I’m currently trying to train a mBert with some data from a corpus, I am in the fine-tuning/training part of it all and this is the code I have:
# BERT fine-tuning parameters
param_optimizer = list(model.named_parameters())
no_decay = ['bias', 'gamma', 'beta']
optimizer_grouped_parameters = [
{'params': [p for n, p in param_optimizer if not any(nd in n for nd in no_decay)],
'weight_decay_rate': 0.01},
{'params': [p for n, p in param_optimizer if any(nd in n for nd in no_decay)],
'weight_decay_rate': 0.0}
]
optimizer = AdamW(
model.parameters(), lr=2e-5, correct_bias=False
)
# Function to calculate the accuracy of our predictions vs labels
def flat_accuracy(preds, labels):
pred_flat = np.argmax(preds, axis=1).flatten()
labels_flat = labels.flatten()
return np.sum(pred_flat == labels_flat) / len(labels_flat)

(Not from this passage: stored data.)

lemma Q_poly_compl_graph:
  assumes "symp E" "interval_closed (compl_graph n E)" "1 \<le> n"
  shows "Q_poly n E = smult ((-1) ^ n) (\<Prod>i\<in>{2..n}. [:of_nat (lower_nonadj E i), 1:])"
proof -
  have "chromatic_poly {1..n} (compl_graph n E) \<circ>\<^sub>p [:0, -1:]
      = (\<Prod>i\<in>{1..n}. smult (-1) [:of_nat (lower_nonadj E i), 1:])"
    unfolding chromatic_poly_compl_graph[OF assms(1,2)] pcompose_prod
    by (intro prod.cong) (simp_all add: pcompose_pCons)
  also have "\<dots> = smult ((-1) ^ n) (\<Prod>i\<in>{1..n}. [:of_nat (lower_nonadj E i), 1:])"
    unfolding prod_smult prod_constant by simp
  also have "(\<Prod>i\<in>{1..n}. [:of_nat (lower_nonadj E i), 1:])
      = [:0, 1:] * (\<Prod>i\<in>{2..n}. [:of_nat (lower_nonadj E i), 1::rat:])"
  proof -
    have "{1..n} = insert 1 {2..n}"
      using assms(3) by auto
    then show ?thesis
      by (simp add: lower_nonadj_def)
  qed
  finally have compose: "chromatic_poly {1..n} (compl_graph n E) \<circ>\<^sub>p [:0, -1:]
      = [:0, 1:] * smult ((-1) ^ n) (\<Prod>i\<in>{2..n}. [:of_nat (lower_nonadj E i), 1:])"
    by simp
  show ?thesis
    unfolding Q_poly_def compose by (rule nonzero_mult_div_cancel_left) simp
qed

theorem mainTheorem17:
  fixes n :: nat and E :: "nat \<Rightarrow> nat \<Rightarrow> bool"
  assumes "n \<ge> 1"
    and "simple_graph_on n E"
    and "\<forall>i j. i < j \<and> compl_graph n E i j \<longrightarrow>
           (\<forall>a b. i \<le> a \<and> a < b \<and> b \<le> j \<longrightarrow> compl_graph n E a b)"
  shows "fps_of_poly (cyc_eulerian n E) / (1 - fps_X) ^ n
       = fps_const ((-1) ^ n * of_nat n) * Abs_fps (\<lambda>m. poly (Q_poly n E) (of_nat m))"
proof -
  have sym: "symp E"
    using assms(2) by (auto simp: simple_graph_on_def symp_def)
  have interval: "interval_closed (compl_graph n E)"
    using assms(3) by (simp add: interval_closed_def)
  have "fps_of_poly (cyc_eulerian n E) = of_nat n * lower_nonadj_fps E n * (1 - fps_X) ^ n"
    using fps_cyc_eulerian[OF assms(1)] rooted_cdes_fps_eq[OF assms(1)]
      lower_adj_mono_if_interval_closed[OF sym interval]
    by (simp add: mult.assoc)
  then have "fps_of_poly (cyc_eulerian n E) / (1 - fps_X) ^ n = of_nat n * lower_nonadj_fps E n"
    by simp
  moreover have "(-1::rat) ^ n * (-1) ^ n = 1"
    by (simp flip: power_add)
  ultimately show ?thesis
    by (intro fps_ext) (simp add: Q_poly_compl_graph[OF sym interval assms(1)] lower_nonadj_fps_def
        poly_prod fps_of_nat add.commute mult.assoc[symmetric])
qed

end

# Store loss and accuracy for plotting
train_loss_set = []
# Number of training epochs
epochs = 4
# BERT training loop
for _ in trange(epochs, desc="Epoch"):
## TRAINING
# Set model to training mode
model.train()
# Tracking variables
tr_loss = 0
nb_tr_examples, nb_tr_steps = 0, 0
# Train the data for one epoch
for step, batch in enumerate(train_dataloader):
# Add batch to GPU
batch = tuple(t.to(device) for t in batch)
# Unpack the inputs from our dataloader
b_input_ids, b_input_mask, b_labels = batch
# Clear out the gradients (by default they accumulate)
optimizer.zero_grad()
# Forward pass
loss = model(b_input_ids, token_type_ids=None, attention_mask=b_input_mask, labels=b_labels)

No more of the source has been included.